TASK TO CARRY OUT:
Print the lines that run from the line with "define c where" to the line with "less.prems by auto", keeping both end lines, exactly as they appear in the entries below, and nothing else.

ENTRIES SUPPLIED:
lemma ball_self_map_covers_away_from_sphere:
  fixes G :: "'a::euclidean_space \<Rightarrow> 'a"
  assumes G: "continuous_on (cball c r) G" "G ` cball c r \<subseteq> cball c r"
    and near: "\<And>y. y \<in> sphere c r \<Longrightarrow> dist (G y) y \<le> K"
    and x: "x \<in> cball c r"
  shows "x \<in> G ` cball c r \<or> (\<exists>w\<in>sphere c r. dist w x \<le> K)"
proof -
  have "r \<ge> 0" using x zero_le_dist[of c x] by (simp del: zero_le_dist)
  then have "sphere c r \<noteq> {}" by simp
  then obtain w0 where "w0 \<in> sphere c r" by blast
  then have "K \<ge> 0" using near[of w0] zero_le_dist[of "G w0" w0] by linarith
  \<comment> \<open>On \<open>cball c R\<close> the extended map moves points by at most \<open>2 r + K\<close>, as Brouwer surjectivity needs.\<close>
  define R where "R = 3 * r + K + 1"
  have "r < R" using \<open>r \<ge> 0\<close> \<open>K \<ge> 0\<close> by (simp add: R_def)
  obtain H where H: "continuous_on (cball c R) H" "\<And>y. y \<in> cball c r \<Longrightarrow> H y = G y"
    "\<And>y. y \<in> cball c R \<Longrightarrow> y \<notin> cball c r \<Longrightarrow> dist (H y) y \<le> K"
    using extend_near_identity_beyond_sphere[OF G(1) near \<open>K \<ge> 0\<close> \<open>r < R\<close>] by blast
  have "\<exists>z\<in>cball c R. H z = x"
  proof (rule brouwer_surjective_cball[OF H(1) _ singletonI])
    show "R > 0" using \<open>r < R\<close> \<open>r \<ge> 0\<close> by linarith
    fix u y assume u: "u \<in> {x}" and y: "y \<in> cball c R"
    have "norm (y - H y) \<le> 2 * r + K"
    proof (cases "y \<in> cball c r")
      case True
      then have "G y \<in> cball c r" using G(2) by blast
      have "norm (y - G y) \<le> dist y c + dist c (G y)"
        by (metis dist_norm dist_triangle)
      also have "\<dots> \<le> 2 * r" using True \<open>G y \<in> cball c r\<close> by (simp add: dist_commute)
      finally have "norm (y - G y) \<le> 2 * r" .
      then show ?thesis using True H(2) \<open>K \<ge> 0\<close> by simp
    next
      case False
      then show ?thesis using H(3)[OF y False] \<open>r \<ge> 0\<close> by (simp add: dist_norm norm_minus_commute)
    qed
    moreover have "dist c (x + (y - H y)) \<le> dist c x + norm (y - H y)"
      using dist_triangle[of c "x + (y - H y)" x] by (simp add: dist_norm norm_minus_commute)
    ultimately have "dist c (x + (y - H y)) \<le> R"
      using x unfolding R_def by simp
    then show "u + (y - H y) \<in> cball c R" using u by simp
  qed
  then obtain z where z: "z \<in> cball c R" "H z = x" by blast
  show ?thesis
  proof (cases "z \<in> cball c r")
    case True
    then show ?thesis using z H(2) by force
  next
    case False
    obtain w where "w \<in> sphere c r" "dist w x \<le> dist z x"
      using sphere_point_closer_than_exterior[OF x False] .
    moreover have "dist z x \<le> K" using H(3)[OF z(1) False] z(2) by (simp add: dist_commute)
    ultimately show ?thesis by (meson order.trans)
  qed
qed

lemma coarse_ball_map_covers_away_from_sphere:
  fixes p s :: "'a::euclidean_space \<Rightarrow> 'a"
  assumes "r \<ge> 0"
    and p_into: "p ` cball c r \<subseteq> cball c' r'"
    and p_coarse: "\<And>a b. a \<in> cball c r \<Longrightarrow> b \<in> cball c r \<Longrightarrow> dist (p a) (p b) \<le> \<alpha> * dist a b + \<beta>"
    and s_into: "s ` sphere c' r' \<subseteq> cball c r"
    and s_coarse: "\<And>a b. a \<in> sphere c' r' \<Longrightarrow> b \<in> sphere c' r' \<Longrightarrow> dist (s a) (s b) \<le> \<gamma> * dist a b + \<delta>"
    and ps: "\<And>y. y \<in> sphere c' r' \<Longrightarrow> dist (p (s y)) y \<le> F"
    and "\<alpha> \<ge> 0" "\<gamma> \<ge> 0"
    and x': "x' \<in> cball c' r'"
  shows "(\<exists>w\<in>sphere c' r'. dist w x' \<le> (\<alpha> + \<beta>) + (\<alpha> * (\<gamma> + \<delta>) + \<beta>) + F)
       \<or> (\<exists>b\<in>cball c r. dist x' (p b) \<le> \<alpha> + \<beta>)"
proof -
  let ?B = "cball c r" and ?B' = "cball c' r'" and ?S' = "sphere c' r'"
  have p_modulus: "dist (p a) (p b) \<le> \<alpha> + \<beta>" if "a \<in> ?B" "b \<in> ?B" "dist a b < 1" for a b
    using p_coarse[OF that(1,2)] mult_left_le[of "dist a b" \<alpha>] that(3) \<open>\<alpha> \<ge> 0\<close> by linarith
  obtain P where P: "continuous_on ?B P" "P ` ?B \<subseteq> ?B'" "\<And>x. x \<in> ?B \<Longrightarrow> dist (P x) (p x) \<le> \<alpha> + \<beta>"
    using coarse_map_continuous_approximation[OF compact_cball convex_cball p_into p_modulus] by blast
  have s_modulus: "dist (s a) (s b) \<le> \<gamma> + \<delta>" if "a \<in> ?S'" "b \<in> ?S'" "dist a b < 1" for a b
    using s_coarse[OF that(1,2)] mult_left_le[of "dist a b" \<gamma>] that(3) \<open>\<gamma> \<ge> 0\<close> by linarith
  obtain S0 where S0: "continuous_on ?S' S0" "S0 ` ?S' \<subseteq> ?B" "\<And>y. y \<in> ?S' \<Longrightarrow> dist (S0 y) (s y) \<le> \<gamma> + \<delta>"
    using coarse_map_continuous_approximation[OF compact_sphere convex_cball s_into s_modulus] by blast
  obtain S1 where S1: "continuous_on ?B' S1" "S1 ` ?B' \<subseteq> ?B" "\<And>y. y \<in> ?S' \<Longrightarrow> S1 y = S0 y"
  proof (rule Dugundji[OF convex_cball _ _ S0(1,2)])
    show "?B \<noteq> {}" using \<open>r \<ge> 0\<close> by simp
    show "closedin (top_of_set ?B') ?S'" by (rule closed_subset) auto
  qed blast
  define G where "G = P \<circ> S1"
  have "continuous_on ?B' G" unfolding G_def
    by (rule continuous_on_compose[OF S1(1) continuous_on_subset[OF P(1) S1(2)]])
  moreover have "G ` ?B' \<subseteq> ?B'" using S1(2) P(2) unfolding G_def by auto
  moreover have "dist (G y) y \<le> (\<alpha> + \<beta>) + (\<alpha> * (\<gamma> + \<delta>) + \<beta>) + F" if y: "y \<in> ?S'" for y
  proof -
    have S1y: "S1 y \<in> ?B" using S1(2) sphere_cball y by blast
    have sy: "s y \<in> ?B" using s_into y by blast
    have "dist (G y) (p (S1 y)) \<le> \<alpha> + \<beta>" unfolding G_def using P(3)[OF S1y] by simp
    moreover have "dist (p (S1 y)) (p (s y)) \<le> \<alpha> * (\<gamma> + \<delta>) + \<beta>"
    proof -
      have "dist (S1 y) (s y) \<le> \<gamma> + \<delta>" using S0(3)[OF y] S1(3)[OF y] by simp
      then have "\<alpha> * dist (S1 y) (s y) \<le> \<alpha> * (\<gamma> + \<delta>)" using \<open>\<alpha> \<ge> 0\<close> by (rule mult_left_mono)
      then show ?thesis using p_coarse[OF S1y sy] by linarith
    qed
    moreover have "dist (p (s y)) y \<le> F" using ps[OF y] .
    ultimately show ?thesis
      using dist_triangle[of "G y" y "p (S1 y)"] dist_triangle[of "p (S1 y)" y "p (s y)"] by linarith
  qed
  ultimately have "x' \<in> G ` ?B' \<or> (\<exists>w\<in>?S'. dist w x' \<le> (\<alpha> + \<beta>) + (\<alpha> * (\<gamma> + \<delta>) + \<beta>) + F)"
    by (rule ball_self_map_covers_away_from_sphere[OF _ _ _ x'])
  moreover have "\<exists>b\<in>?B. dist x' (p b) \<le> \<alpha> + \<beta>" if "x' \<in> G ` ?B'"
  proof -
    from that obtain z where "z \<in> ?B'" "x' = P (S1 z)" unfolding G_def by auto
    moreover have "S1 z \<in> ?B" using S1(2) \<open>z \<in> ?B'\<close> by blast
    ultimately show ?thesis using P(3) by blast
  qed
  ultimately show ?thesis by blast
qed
==
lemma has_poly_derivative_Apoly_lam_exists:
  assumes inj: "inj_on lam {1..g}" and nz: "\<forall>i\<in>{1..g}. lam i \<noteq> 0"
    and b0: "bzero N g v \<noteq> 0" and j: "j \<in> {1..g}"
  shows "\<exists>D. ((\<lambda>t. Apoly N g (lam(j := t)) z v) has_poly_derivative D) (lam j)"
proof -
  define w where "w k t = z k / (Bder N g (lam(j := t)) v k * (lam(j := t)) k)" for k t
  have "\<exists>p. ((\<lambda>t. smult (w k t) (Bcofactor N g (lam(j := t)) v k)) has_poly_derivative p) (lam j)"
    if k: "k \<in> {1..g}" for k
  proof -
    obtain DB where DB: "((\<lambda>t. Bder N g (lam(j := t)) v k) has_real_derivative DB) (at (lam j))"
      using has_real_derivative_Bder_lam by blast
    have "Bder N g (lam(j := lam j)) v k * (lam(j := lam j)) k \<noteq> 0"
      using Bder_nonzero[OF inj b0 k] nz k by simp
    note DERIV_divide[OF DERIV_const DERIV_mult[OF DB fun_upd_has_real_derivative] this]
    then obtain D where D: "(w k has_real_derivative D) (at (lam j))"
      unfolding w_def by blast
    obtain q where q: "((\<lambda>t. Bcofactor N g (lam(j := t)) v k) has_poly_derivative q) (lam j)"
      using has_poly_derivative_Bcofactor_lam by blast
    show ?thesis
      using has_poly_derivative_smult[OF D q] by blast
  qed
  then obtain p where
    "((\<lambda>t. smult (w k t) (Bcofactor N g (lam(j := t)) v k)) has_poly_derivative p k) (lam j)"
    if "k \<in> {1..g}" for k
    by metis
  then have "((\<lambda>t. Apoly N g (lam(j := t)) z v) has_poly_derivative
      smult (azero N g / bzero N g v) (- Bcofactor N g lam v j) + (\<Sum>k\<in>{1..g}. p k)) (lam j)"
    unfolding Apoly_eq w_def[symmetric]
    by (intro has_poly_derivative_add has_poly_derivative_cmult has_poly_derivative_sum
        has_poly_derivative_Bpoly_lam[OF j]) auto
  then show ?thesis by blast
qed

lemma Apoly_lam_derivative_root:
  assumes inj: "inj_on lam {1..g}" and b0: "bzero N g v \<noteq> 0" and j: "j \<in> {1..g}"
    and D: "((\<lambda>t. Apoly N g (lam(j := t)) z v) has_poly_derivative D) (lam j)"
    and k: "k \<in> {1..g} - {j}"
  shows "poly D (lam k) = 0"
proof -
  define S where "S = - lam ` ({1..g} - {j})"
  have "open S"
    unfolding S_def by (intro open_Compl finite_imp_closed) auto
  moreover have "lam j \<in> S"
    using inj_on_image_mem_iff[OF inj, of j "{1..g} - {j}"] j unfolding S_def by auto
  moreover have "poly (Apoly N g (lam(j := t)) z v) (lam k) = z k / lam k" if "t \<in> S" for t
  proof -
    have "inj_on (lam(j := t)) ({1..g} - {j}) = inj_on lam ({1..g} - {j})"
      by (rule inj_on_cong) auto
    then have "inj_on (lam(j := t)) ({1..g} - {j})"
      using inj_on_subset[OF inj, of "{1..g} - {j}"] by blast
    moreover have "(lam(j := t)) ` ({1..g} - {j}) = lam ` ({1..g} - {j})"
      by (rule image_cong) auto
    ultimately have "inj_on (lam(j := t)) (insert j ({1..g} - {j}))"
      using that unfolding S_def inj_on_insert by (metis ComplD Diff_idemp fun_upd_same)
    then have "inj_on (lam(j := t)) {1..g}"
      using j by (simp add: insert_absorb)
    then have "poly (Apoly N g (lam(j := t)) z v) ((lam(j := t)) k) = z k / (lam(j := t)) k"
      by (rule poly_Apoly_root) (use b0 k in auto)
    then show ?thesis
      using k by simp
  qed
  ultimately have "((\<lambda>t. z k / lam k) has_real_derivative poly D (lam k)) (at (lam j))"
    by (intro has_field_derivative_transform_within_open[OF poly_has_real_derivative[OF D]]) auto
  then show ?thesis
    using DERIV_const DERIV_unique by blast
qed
* * *
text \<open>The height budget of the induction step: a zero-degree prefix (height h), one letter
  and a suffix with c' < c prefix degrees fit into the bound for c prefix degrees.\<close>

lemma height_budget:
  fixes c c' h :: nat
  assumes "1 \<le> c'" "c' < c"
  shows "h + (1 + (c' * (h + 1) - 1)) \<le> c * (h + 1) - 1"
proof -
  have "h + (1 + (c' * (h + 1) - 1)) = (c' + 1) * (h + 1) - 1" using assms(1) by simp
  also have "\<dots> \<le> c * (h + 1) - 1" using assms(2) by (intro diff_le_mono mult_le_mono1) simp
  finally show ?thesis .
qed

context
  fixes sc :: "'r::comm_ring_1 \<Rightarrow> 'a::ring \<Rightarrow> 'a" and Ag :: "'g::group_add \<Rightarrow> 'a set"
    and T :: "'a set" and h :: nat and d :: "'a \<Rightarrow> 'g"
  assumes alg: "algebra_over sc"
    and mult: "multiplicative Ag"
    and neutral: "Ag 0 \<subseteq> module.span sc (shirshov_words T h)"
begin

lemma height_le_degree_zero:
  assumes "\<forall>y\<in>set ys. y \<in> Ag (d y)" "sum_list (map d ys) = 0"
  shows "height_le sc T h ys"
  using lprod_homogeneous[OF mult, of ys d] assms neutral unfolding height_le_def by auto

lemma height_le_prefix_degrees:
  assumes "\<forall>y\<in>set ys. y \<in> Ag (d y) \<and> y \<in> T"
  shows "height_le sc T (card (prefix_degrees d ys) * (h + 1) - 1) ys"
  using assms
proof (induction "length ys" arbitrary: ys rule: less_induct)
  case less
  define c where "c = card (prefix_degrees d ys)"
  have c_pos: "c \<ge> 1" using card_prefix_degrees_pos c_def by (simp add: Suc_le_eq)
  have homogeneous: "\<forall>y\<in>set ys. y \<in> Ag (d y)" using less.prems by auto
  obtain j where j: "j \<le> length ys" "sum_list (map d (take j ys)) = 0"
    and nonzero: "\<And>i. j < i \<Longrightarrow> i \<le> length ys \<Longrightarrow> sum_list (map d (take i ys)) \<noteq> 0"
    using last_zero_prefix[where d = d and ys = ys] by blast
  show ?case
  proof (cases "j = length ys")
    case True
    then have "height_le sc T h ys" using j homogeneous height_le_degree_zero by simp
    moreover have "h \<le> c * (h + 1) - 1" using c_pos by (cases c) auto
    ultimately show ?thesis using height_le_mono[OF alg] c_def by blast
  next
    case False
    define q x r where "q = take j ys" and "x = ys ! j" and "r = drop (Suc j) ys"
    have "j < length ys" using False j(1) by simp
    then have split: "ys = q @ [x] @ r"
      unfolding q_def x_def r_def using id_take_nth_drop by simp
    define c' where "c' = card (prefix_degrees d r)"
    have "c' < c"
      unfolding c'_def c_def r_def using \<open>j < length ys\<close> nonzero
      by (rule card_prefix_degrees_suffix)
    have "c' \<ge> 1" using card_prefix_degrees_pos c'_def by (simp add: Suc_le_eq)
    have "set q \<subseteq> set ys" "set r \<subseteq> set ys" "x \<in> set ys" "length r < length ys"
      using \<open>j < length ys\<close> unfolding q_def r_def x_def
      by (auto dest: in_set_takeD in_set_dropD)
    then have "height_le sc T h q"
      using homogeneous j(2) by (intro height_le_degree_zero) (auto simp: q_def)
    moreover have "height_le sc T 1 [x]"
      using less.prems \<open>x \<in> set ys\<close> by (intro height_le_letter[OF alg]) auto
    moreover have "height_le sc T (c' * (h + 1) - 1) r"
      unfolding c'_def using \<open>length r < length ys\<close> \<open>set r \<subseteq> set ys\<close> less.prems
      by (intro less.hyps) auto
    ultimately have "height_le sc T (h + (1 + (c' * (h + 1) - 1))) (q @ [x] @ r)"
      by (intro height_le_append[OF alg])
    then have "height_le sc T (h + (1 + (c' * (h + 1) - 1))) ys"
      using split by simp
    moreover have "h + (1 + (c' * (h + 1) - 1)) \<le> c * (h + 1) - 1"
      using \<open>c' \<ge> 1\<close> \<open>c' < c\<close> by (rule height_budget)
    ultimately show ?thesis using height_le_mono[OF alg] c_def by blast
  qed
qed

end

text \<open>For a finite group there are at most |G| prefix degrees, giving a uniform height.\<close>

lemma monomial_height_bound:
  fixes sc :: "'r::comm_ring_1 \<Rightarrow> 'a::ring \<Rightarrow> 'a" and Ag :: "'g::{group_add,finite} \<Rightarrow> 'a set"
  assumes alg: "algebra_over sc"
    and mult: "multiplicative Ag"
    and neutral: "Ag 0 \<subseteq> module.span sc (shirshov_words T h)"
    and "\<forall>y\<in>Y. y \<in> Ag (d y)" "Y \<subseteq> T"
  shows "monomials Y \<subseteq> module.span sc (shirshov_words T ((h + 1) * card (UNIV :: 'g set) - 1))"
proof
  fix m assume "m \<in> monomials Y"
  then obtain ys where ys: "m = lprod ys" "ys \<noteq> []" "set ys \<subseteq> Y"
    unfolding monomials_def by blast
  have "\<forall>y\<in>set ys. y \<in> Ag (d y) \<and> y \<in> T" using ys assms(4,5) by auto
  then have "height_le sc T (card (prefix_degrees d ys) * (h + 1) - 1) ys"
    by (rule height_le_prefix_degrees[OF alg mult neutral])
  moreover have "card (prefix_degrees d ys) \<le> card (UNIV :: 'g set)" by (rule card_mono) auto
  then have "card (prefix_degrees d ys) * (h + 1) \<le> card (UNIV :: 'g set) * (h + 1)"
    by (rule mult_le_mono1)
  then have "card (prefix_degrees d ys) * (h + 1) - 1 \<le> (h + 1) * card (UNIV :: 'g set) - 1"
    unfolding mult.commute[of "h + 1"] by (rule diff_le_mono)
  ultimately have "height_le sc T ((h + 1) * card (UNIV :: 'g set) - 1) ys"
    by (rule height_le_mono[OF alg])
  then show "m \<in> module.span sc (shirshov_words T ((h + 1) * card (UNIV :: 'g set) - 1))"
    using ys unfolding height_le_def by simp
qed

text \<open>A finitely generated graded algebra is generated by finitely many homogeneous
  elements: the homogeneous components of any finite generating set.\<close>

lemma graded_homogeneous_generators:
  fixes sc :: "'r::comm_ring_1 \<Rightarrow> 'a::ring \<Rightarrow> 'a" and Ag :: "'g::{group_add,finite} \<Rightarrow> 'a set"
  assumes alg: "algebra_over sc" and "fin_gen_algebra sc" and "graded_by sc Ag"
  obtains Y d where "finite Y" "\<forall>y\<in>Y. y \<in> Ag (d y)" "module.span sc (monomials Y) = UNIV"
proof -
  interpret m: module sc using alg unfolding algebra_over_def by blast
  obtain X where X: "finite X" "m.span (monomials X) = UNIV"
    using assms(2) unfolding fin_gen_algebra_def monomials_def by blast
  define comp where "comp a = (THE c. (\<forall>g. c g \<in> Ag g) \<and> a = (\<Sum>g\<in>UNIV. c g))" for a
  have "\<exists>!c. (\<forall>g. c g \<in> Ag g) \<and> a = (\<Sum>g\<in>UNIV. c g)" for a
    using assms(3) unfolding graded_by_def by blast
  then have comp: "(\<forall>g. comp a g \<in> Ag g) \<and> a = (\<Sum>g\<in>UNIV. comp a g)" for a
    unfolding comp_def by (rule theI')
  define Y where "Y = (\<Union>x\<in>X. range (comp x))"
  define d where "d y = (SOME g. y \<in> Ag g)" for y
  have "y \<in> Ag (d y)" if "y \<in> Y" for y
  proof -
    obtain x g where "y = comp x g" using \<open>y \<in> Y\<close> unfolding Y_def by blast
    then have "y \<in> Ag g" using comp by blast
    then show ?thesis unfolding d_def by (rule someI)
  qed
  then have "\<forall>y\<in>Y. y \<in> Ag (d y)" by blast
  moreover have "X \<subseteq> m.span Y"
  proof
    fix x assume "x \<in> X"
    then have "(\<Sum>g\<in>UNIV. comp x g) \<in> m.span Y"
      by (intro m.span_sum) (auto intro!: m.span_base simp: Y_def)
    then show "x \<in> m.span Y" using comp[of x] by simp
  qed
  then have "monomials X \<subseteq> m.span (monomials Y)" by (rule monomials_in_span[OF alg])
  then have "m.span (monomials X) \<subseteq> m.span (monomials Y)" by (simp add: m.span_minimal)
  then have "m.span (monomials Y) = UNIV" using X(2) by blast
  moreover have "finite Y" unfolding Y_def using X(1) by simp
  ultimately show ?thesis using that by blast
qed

WRITTEN ANSWER:
  define c where "c = card (prefix_degrees d ys)"
  have c_pos: "c \<ge> 1" using card_prefix_degrees_pos c_def by (simp add: Suc_le_eq)
  have homogeneous: "\<forall>y\<in>set ys. y \<in> Ag (d y)" using less.prems by auto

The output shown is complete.